The accuracy_score function computes the accuracy, either the fraction (default) or the count (normalize=False) of correct predictions.

In multilabel classification, the function returns the subset accuracy. If the entire set of predicted labels for a sample strictly match with the true set of labels, then the subset accuracy is 1.0; otherwise it is 0.0.
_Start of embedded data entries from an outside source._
text \<open>Minimal polynomial over Z of the uniformizer pi:
  sqrt 2, sqrt(-2), sqrt 10, sqrt(-10), 1 + sqrt(-1), 1 + sqrt(-5).
  The ring of integers O of K is Z_2[pi] = lim Z[X]/(2^n, g).\<close>
fun minpoly :: "ramified_case \<Rightarrow> int poly" where
  "minpoly Q2_sqrt2 = [:-2, 0, 1:]"
| "minpoly Q2_sqrt_m2 = [:2, 0, 1:]"
| "minpoly Q2_sqrt10 = [:-10, 0, 1:]"
| "minpoly Q2_sqrt_m10 = [:10, 0, 1:]"
| "minpoly Q2_sqrt_m1 = [:2, -2, 1:]"
| "minpoly Q2_sqrt_m5 = [:6, -2, 1:]"

definition upi :: "int poly" where "upi = [:0, 1:]"

text \<open>Congruence in O / 2^n O = Z[X]/(2^n, g).\<close>
definition congO :: "ramified_case \<Rightarrow> nat \<Rightarrow> int poly \<Rightarrow> int poly \<Rightarrow> bool" where
  "congO K n p q \<longleftrightarrow> (\<exists>h k. p - q = smult (2 ^ n) h + minpoly K * k)"

text \<open>An element of O is a coherent sequence of representatives x n of its images in O / 2^n O.\<close>
definition is_O :: "ramified_case \<Rightarrow> (nat \<Rightarrow> int poly) \<Rightarrow> bool" where
  "is_O K x \<longleftrightarrow> (\<forall>n. congO K n (x (Suc n)) (x n))"

definition O_nonzero :: "ramified_case \<Rightarrow> (nat \<Rightarrow> int poly) \<Rightarrow> bool" where
  "O_nonzero K x \<longleftrightarrow> (\<exists>n. \<not> congO K n (x n) 0)"

definition dvdO :: "ramified_case \<Rightarrow> int poly \<Rightarrow> (nat \<Rightarrow> int poly) \<Rightarrow> bool" where
  "dvdO K y x \<longleftrightarrow> (\<forall>n. \<exists>z. congO K n (x n) (y * z))"

definition valO :: "ramified_case \<Rightarrow> (nat \<Rightarrow> int poly) \<Rightarrow> nat" where
  "valO K x = (LEAST r. \<not> dvdO K (upi ^ Suc r) x)"

definition level :: "ramified_case \<Rightarrow> nat \<Rightarrow> (nat \<Rightarrow> int poly) \<Rightarrow> nat" where
  "level K d x = valO K x mod d"
definition IA :: "nat \<Rightarrow> (nat \<Rightarrow> nat \<Rightarrow> real) \<Rightarrow> real" where
  "IA n M = (shannonH {..<n} (pX n M) + shannonH {..<n} (pY n M)
              - shannonH ({..<n} \<times> {..<n}) (pXY n M))
            / min (shannonH {..<n} (pX n M)) (shannonH {..<n} (pY n M))"

definition zero_freed :: "(nat \<Rightarrow> nat \<Rightarrow> real) \<Rightarrow> real \<Rightarrow> nat \<Rightarrow> nat \<Rightarrow> real" where
  "zero_freed B \<epsilon> = (\<lambda>y x. if B y x = 0 then \<epsilon> else B y x)"

end

theory Submission
  imports Defs
begin

(*
  Freeing the zeros of B turns every weight of X, Y and XY into a + b e, where a is the weight
  under B and b counts the freed zeros it collects. Up to a function that is differentiable at 0,
  the entropy of such weights is H(Z^+) + k (- e log e) / S, where S is the total mass of B and k
  sums b over the weights with a = 0; so H(Z_e) = H(Z^+) + k (- e log e) / S + o(- e log e).
  If H(X^+) = 0, only one column of B is non-null, and then k = n (n - 1) for X, n (n - m) for Y
  and n^2 - m for XY, while H(XY^+) = H(Y^+). The mutual information is therefore
  (n - 1) (n - m) (- e log e) / S + o(- e log e). The minimum of H(X) and H(Y) is asymptotically
  H(X): either H(Y^+) > 0, so H(Y) stays away from 0, or m = 1 and the two coefficients agree.
*)

section \<open>Entropy of normalised weights\<close>

lemma shannonH_normalize:
  fixes a :: "'a \<Rightarrow> real"
  assumes "finite A" "\<forall>i\<in>A. 0 < a i"
  shows "shannonH A (\<lambda>i. a i / sum a A) = log 2 (sum a A) - (\<Sum>i\<in>A. a i * log 2 (a i)) / sum a A"
proof (cases "A = {}")
  case False
  define T where "T = sum a A"
  have "0 < T" using assms False unfolding T_def by (intro sum_pos) auto
  have "(\<Sum>i\<in>A. a i / T * log 2 (a i / T)) = (\<Sum>i\<in>A. a i * log 2 (a i) / T - log 2 T * (a i / T))"
    using assms \<open>0 < T\<close> by (intro sum.cong) (auto simp: log_divide field_simps)
  also have "\<dots> = (\<Sum>i\<in>A. a i * log 2 (a i)) / T - log 2 T * (sum a A / T)"
    by (simp add: sum_subtractf sum_divide_distrib sum_distrib_left)
  also have "\<dots> = (\<Sum>i\<in>A. a i * log 2 (a i)) / T - log 2 T"
    using \<open>0 < T\<close> by (simp add: T_def)
  finally show ?thesis unfolding shannonH_def T_def by simp
qed (simp add: shannonH_def log_def)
Reference: https://scikit-learn.org/stable/modules/model_evaluation.html

In [None]:
# TEST THE MODEL

y_pred = model.predict(X_test)
pd.DataFrame({'test':y_test, 'predicted':y_test_pred})

In [None]:
accuracy_score(y_test, y_pred)

**Confusion matrix**

In [None]:
confusion_matrix(y_test, y_pred)

# Unsupervised Learning


# Data Clustering with K-Means

Now let's cluster the data with K-Means first. Initiate the K-Means model, then fit your scaled data. In the data returned from the `.fit` method, there is an attribute called `labels_` which is the cluster number assigned to each data record. What you can do is to assign these labels back to `total_cost` in a new column called `total_cost['labels']`. Then you'll see the cluster results of the original data.

In [None]:
# Your code here:
# Reference: https://scikit-learn.org/stable/modules/generated/sklearn.cluster.KMeans.html

# n_clusters: The number of clusters to form as well as the number of centroids to generate.
# By default n_clusters=8

from sklearn.cluster import KMeans

total_cost_kmeans = KMeans().fit(total_cost)
total_cost_kmeans.labels_

In [None]:
total_cost['labels'] = total_cost_kmeans.labels_

total_cost

Count the values in `labels`.

In [None]:
# Your code here:

total_cost['labels'].value_counts() 

In [None]:
# K-Means Labels Scatter Plot
plt.scatter(x=total_cost['Orders received by contractors'], y=total_cost['Building projects started'], c=total_cost["labels"])
plt.title('Distribution of K-Means Labels with 8 clusters')
plt.xlabel('Orders received by contractors')
plt.ylabel('Building projects started')
plt.show()




### I would like to reduce the number of clusters to 2 to see the change from the default 8 clusters in the above

In [None]:
# Your code here

from sklearn.cluster import KMeans

# KMeans for n_clusters=2
total_cost_kmeans = KMeans(n_clusters=2).fit(total_cost)
total_cost['labels'] = total_cost_kmeans.labels_

plt.scatter(x=total_cost['Orders received by contractors'], y=total_cost['Building projects started'], c=total_cost["labels"])
plt.title('Distribution of K-Means Labels with 2 clusters')
plt.xlabel('Orders received by contractors')
plt.ylabel('Building projects started')
plt.show()

In [None]:
# By reducing the number of clusters I can clearly see the difference.

# CONCLUSIONS

## Research Questions:

Q1: Are the “Housing" orders received by contractors and the number of “Housing" projects where the construction started correlated?



## Overall Analysis:

Yes, the "Orders received by contractors_mln euro" is  a good predictor of "Building projects started".